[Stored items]
##############################
lemma expansion_summand_eq:
  fixes a d :: complex
  assumes a: "a \<notin> \<int>" and d: "\<forall>n::nat. d \<noteq> - of_nat n"
    and l: "1 \<le> l" "l \<le> k" and kq: "k \<le> q"
  shows "bmult (bmonom (expansion_coeff a d k l) l k)
           (neg_y (H5 (a - of_nat k + of_nat l) (d + of_nat l))) p q
    = of_nat ((k - 1 choose (l - 1)) * (p choose l))
      * ((-1) ^ (q - k) * poch_int a (int p - int q)
         / (pochhammer (1 - a) k * pochhammer d p * fact p * fact (q - k)))"
proof (cases "l \<le> p")
  case False
  then show ?thesis
    by (simp add: bmult_bmonom)
next
  case True
  define m where "m = k - l"
  have shift: "a - of_nat k + of_nat l = a - of_nat m"
    using l by (simp add: m_def of_nat_diff)
  have "int (p - l) - int (q - k) - int m = int p - int q"
    using l kq True by (simp add: m_def)
  then have H: "neg_y (H5 (a - of_nat k + of_nat l) (d + of_nat l)) (p - l) (q - k)
      = (-1) ^ (q - k) * ((-1) ^ m * pochhammer (1 - a) m * poch_int a (int p - int q)
        / (pochhammer (d + of_nat l) (p - l) * fact (p - l) * fact (q - k)))"
    by (simp add: neg_y_def shift H5_shift[OF a])
  have split_d: "pochhammer d p = pochhammer d l * pochhammer (d + of_nat l) (p - l)"
    using pochhammer_product[OF True] .
  have choose: "(of_nat ((k - 1 choose (l - 1)) * (p choose l)) :: complex)
      = fact (k - 1) / (fact (l - 1) * fact m) * (fact p / (fact l * fact (p - l)))"
    using l True by (simp add: binomial_fact m_def)
  have sign: "(-1::complex) ^ m * (-1) ^ m = 1"
    by (simp flip: power_add add: mult_2[symmetric])
  have "pochhammer (1 - a) k \<noteq> 0" "pochhammer (1 - a) m \<noteq> 0" "pochhammer d p \<noteq> 0"
    using pochhammer_one_minus_nonzero[OF a] d by (auto simp: pochhammer_eq_0_iff)
  moreover have "bmult (bmonom (expansion_coeff a d k l) l k)
      (neg_y (H5 (a - of_nat k + of_nat l) (d + of_nat l))) p q
      = expansion_coeff a d k l * neg_y (H5 (a - of_nat k + of_nat l) (d + of_nat l)) (p - l) (q - k)"
    using True kq by (simp add: bmult_bmonom)
  ultimately show ?thesis
    unfolding H expansion_coeff_def choose split_d m_def[symmetric]
    using sign by (simp add: field_simps)
qed

lemma expansion_term_eq_0: "q < k \<Longrightarrow> expansion_term a d k p q = 0"
  by (simp add: expansion_term_def bmult_bmonom)

lemma expansion_term_eq:
  fixes a d :: complex
  assumes a: "a \<notin> \<int>" and d: "\<forall>n::nat. d \<noteq> - of_nat n" and kq: "k \<le> q"
  shows "expansion_term a d k p q
    = of_nat ((p + k - 1) choose k) * (-1) ^ (q - k) / (pochhammer (1 - a) k * fact (q - k))
      * (poch_int a (int p - int q) / (pochhammer d p * fact p))"
proof (cases "k = 0")
  case True
  then show ?thesis
    by (simp add: expansion_term_def neg_y_def H5_def)
next
  case False
  define c where "c = (-1) ^ (q - k) * poch_int a (int p - int q)
    / (pochhammer (1 - a) k * pochhammer d p * fact p * fact (q - k))"
  have "expansion_term a d k p q = (\<Sum>l=1..k. of_nat ((k - 1 choose (l - 1)) * (p choose l)) * c)"
    using False by (simp add: expansion_term_def expansion_summand_eq[OF a d _ _ kq] c_def)
  also have "\<dots> = of_nat (\<Sum>l=1..k. (k - 1 choose (l - 1)) * (p choose l)) * c"
    by (simp add: sum_distrib_right)
  also have "\<dots> = of_nat ((p + k - 1) choose k) * c"
    using False by (subst sum_choose_pred_mult_choose) auto
  finally show ?thesis
    by (simp add: c_def field_simps)
qed

lemma sum_expansion_term:
  fixes a d :: complex
  assumes a: "a \<notin> \<int>" and d: "\<forall>n::nat. d \<noteq> - of_nat n"
  shows "(\<Sum>k\<le>q. expansion_term a d k p q) = bmult (in_x (hyp1F1 a d)) (in_y (hyp0F1 (1 - a))) p q"
proof -
  define s where "s = poch_int a (int p - int q)"
  define Y where "Y = (\<Sum>k\<le>q. of_nat ((p + k - 1) choose k) * (-1) ^ (q - k)
                            / (pochhammer (1 - a) k * fact (q - k)))"
  have nonzero: "pochhammer (1 - a) q \<noteq> 0" "pochhammer d p \<noteq> 0"
    using pochhammer_one_minus_nonzero[OF a] d by (auto simp: pochhammer_eq_0_iff)
  have "(\<Sum>k\<le>q. expansion_term a d k p q)
      = (\<Sum>k\<le>q. of_nat ((p + k - 1) choose k) * (-1) ^ (q - k)
                    / (pochhammer (1 - a) k * fact (q - k)) * (s / (pochhammer d p * fact p)))"
    by (intro sum.cong refl) (simp add: expansion_term_eq[OF a d] s_def)
  also have "\<dots> = Y * (s / (pochhammer d p * fact p))"
    by (simp only: Y_def sum_distrib_right)
  finally have "(\<Sum>k\<le>q. expansion_term a d k p q) = Y * (s / (pochhammer d p * fact p))" .
  moreover have "pochhammer a p = s * pochhammer (a + of_int (int p - int q)) q"
    using poch_int_add[OF a, of "int p - int q" "int q"] by (simp add: s_def)
  moreover have "pochhammer (a + of_int (int p - int q)) q = fact q * pochhammer (1 - a) q * Y"
    using pochhammer_shifted_eq_sum[OF nonzero(1), of p] by (simp add: Y_def algebra_simps)
  ultimately show ?thesis
    using nonzero by (simp add: bmult_in_x_in_y hyp1F1_def hyp0F1_def field_simps)
qed

theorem mainTheorem11:
  fixes a d :: complex
  assumes "a \<notin> \<int>"
    and "\<forall>n::nat. d \<noteq> - of_nat n"
  shows "bsums
     (\<lambda>k. if k = 0 then neg_y (H5 a d)
          else (\<lambda>p q. \<Sum>l\<in>{1..k}.
             bmult (bmonom ((-1) ^ (k - l) * fact (k - 1)
                              / (fact (l - 1) * fact l * fact (k - l))
                            * (1 / (pochhammer (1 - a) k * pochhammer (1 - a) (k - l)
                                    * pochhammer d l))) l k)
                   (neg_y (H5 (a - of_nat k + of_nat l) (d + of_nat l))) p q))
     (bmult (in_x (hyp1F1 a d)) (in_y (hyp0F1 (1 - a))))"
proof -
  have "bsums (expansion_term a d) (bmult (in_x (hyp1F1 a d)) (in_y (hyp0F1 (1 - a))))"
    using expansion_term_eq_0 sum_expansion_term[OF assms]
    by (rule bsums_if_vanishing_below_diagonal)
  then show ?thesis
    unfolding expansion_term_def expansion_coeff_def .
qed

end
##############################
**Work instructions:** Repeat only the lines above, from the first line of the entries through the line that contains "using pochhammer_product[OF True] .", including both ends.

**Task output:**
lemma expansion_summand_eq:
  fixes a d :: complex
  assumes a: "a \<notin> \<int>" and d: "\<forall>n::nat. d \<noteq> - of_nat n"
    and l: "1 \<le> l" "l \<le> k" and kq: "k \<le> q"
  shows "bmult (bmonom (expansion_coeff a d k l) l k)
           (neg_y (H5 (a - of_nat k + of_nat l) (d + of_nat l))) p q
    = of_nat ((k - 1 choose (l - 1)) * (p choose l))
      * ((-1) ^ (q - k) * poch_int a (int p - int q)
         / (pochhammer (1 - a) k * pochhammer d p * fact p * fact (q - k)))"
proof (cases "l \<le> p")
  case False
  then show ?thesis
    by (simp add: bmult_bmonom)
next
  case True
  define m where "m = k - l"
  have shift: "a - of_nat k + of_nat l = a - of_nat m"
    using l by (simp add: m_def of_nat_diff)
  have "int (p - l) - int (q - k) - int m = int p - int q"
    using l kq True by (simp add: m_def)
  then have H: "neg_y (H5 (a - of_nat k + of_nat l) (d + of_nat l)) (p - l) (q - k)
      = (-1) ^ (q - k) * ((-1) ^ m * pochhammer (1 - a) m * poch_int a (int p - int q)
        / (pochhammer (d + of_nat l) (p - l) * fact (p - l) * fact (q - k)))"
    by (simp add: neg_y_def shift H5_shift[OF a])
  have split_d: "pochhammer d p = pochhammer d l * pochhammer (d + of_nat l) (p - l)"
    using pochhammer_product[OF True] .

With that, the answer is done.